Additional parameters can be introduced to the CG sites, such as
sigma and epsilon parameters of the LJ potential. These additional
parameters can be adjusted to approximately represent the
hydrophobic interactions, dispersion interactions, and/or excluded
volume effects in the simulation. Solving the electrostatic and LJ
interaction potentials between all the CG models in the CG
simulation can provide the force on each CG site (or CG model) in
the simulation box. Subsequently, the Langevin equation can be
integrated in time for each CG model to analyze the physical
movements of the CG models that carry a total mass equal to the
total mass of the full-atom antibodies. Periodic boundary
conditions can be applied in all three directions in the simulation
box. The time-integration of Langevin equation of motion and the
calculation of interaction forces at each intermediate time step
can provide a time-dependent trajectory of the CG models in the
simulation. The transitional self-diffusion coefficients of CG
models can be calculated from this trajectory, and based on
Stokes-Einstein relationship, this diffusion coefficient can
inversely correlate with the viscosity of the antibody
solution.
III. Electrical-Field Comparison
[0078] The electric field of the CG model 214 was compared to
electric fields calculated from an all-atom model (e.g., full atom
model 204) and a lumped coarse-grained model. The CG model 214
showed closer electric-field calculations to the all-atom model
than the lumped model.
[0079] FIG. 6 is a chart of the electrostatic potential of an
example mAb as a function of .theta. and .phi. at a fixed distance
from an origin, where .theta. is a rotation about the z-axis and
.phi. is a rotation about the x-axis. FIG. 6 shows heterogeneity of
electrostatic potential in a sphere around an antibody.

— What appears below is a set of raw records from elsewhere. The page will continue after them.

lemma stationary_block_prob_sum_prefixes:
  fixes X :: "nat \<Rightarrow> 'm \<Rightarrow> 'a::finite"
  assumes "stationary_process M X" and "length v = m"
  shows "(\<Sum>u\<in>words n. block_prob M X 0 (n + m) (u @ v)) = block_prob M X 0 m v"
proof -
  have "finite_measure M" and "\<And>i. X i \<in> M \<rightarrow>\<^sub>M count_space UNIV"
    using stationary_processD[OF assms(1)] by blast+
  then show ?thesis
    using block_prob_sum_prefixes[where X = X] stationary_processD(3)[OF assms(1)] assms(2)
    by simp
qed

lemma block_entropy_strong_subadditivity:
  fixes X :: "nat \<Rightarrow> 'm \<Rightarrow> 'a::finite"
  assumes "stationary_process M X"
  shows "block_entropy M X (k + n + l) + block_entropy M X n
    \<le> block_entropy M X (k + n) + block_entropy M X (n + l)"
proof -
  define P where "P u w v = block_prob M X 0 (k + n + l) (u @ w @ v)" for u w v :: "'a list"
  have sum_right: "(\<Sum>v\<in>words l. P u w v) = block_prob M X 0 (k + n) (u @ w)"
    if "u \<in> words k" "w \<in> words n" for u w
    using stationary_block_prob_sum_suffixes[OF assms, of "u @ w" "k + n" l] that
    by (simp add: P_def words_def)
  have sum_left: "(\<Sum>u\<in>words k. P u w v) = block_prob M X 0 (n + l) (w @ v)"
    if "w \<in> words n" "v \<in> words l" for w v
    using stationary_block_prob_sum_prefixes[OF assms, of "w @ v" "n + l" k] that
    by (simp add: P_def words_def add.assoc)
  have sum_outer: "(\<Sum>u\<in>words k. \<Sum>v\<in>words l. P u w v) = block_prob M X 0 n w"
    if "w \<in> words n" for w
  proof -
    have "(\<Sum>u\<in>words k. \<Sum>v\<in>words l. P u w v)
        = (\<Sum>u\<in>words k. block_prob M X 0 (k + n) (u @ w))"
      using that by (intro sum.cong refl sum_right)
    also have "\<dots> = block_prob M X 0 n w"
      using stationary_block_prob_sum_prefixes[OF assms, of w n k] that by (simp add: words_def)
    finally show ?thesis .
  qed
  have joint: "(\<Sum>u\<in>words k. \<Sum>w\<in>words n. \<Sum>v\<in>words l. P u w v * log 2 (P u w v))
      = - block_entropy M X (k + n + l)"
    unfolding block_entropy_eq minus_minus sum_words_append by (simp add: P_def)
  have left_pair: "(\<Sum>u\<in>words k. \<Sum>w\<in>words n.
      (\<Sum>v\<in>words l. P u w v) * log 2 (\<Sum>v\<in>words l. P u w v)) = - block_entropy M X (k + n)"
    unfolding block_entropy_eq minus_minus sum_words_append
    by (intro sum.cong refl) (simp only: sum_right)
  have right_pair: "(\<Sum>w\<in>words n. \<Sum>v\<in>words l.
      (\<Sum>u\<in>words k. P u w v) * log 2 (\<Sum>u\<in>words k. P u w v)) = - block_entropy M X (n + l)"
    unfolding block_entropy_eq minus_minus sum_words_append
    by (intro sum.cong refl) (simp only: sum_left)
  have middle: "(\<Sum>w\<in>words n. (\<Sum>u\<in>words k. \<Sum>v\<in>words l. P u w v)
      * log 2 (\<Sum>u\<in>words k. \<Sum>v\<in>words l. P u w v)) = - block_entropy M X n"
    unfolding block_entropy_eq minus_minus by (intro sum.cong refl) (simp only: sum_outer)
  have "0 \<le> P u w v" for u w v
    by (simp add: P_def block_prob_def)
  then show ?thesis
    using entropy_strong_subadditivity[of "words k" "words n" "words l" P]
      joint left_pair right_pair middle
    by simp
qed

[0080] FIG. 7 charts Coulombic potential for a slice of the
electrostatic surface potential in FIG. 6. In FIG. 7, the potential
of the all-atom model is shown as a solid line, the potential of
the CG model 214 is shown as a dotted line, and the potential of
the lumped model ("CG (Lumped)") is shown as a dashed line. The
lumped model sums charges in the vicinity of a CG bead, and uses
the sum as the charge value for the bead.

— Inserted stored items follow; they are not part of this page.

text \<open>Euclidean descent on |a| + |c|: if a and c are both nonzero, one of a -+ c, c -+ a
  is smaller in absolute value than a resp. c, and a shear leads back to (a,c).\<close>

lemma Nset_subset_G_orbit:
  "coprime a c \<Longrightarrow> (nmat a c :: 'a::field_char_0 m2) \<in> orbit Ggrp zs"
proof (induction "nat (\<bar>a\<bar> + \<bar>c\<bar>)" arbitrary: a c rule: less_induct)
  case less
  let ?O = "orbit Ggrp zs :: 'a m2 set"
  have IH: "nmat a' c' \<in> ?O" if "\<bar>a'\<bar> + \<bar>c'\<bar> < \<bar>a\<bar> + \<bar>c\<bar>" "coprime a' c'" for a' c'
    using less.hyps that by simp
  note co = coprime_generator_substitutions[OF less.prems]
  note shear = G_orbit_shear[where 'a='a, unfolded]
  have base: "nmat 1 0 \<in> ?O"
    unfolding zs_nmat[symmetric] orbit_def using Ggrp.Gid by (auto intro: rev_image_eqI)
  have "c = 0 \<or> a = 0 \<or> \<bar>a - c\<bar> < \<bar>a\<bar> \<or> \<bar>a + c\<bar> < \<bar>a\<bar>
      \<or> \<bar>c - a\<bar> < \<bar>c\<bar> \<or> \<bar>c + a\<bar> < \<bar>c\<bar>"
    by (auto simp: abs_if)
  then consider "c = 0" | "a = 0" | "\<bar>a - c\<bar> < \<bar>a\<bar>" | "\<bar>a + c\<bar> < \<bar>a\<bar>"
    | "\<bar>c - a\<bar> < \<bar>c\<bar>" | "\<bar>c + a\<bar> < \<bar>c\<bar>"
    by blast
  then show ?case
  proof cases
    case 1
    then have "a = 1 \<or> a = -1" using less.prems by auto
    then show ?thesis using base 1 by (metis nmat_uminus minus_zero)
  next
    case 2
    have "nmat 1 (-1) \<in> ?O" using base shear(2)[of 1 "-1"] by simp
    then have "nmat 0 (-1) \<in> ?O" using shear(1)[of 1 "-1"] by simp
    moreover have "c = 1 \<or> c = -1" using 2 less.prems by auto
    ultimately show ?thesis using 2 by (metis nmat_uminus minus_zero)
  next
    case 3
    then show ?thesis using IH[of "a - c" c] co shear(1)[of "a - c" c] by simp
  next
    case 4
    then show ?thesis using IH[of "a + c" c] co shear(1)[of a c] by simp
  next
    case 5
    then show ?thesis using IH[of a "c - a"] co shear(2)[of a "c - a"] by simp
  next
    case 6
    moreover have "coprime a (c + a)" using co by (simp only: add.commute)
    ultimately show ?thesis using IH[of a "c + a"] shear(2)[of a c] by simp
  qed
qed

[0081] The CG sites and the force field described above were used
to perform CG Langevin dynamics simulations using a Large-scale
Atomic/Molecular Massively Parallel Simulator (LAMMPS) package.
Initially, 91 to 1460 mAb molecules were arranged in a cubic
lattice with the box size of 1300 angstroms using PACKMOL,
representative of 10 to 160 mg/ml protein concentrations. Periodic
boundary conditions were applied in three directions. The CG
simulations were performed under constant number, volume, and
temperature (NVT) conditions with use of a Langevin thermostat with
the temperature set to 300 K. The CG simulations for rigid
antibodies were run for 5 microseconds, using a time step of 1
ps.
[0082] As seen in FIG. 7, the CG model 214 better approximates the
electric field of the all-atom model than the lumped model does.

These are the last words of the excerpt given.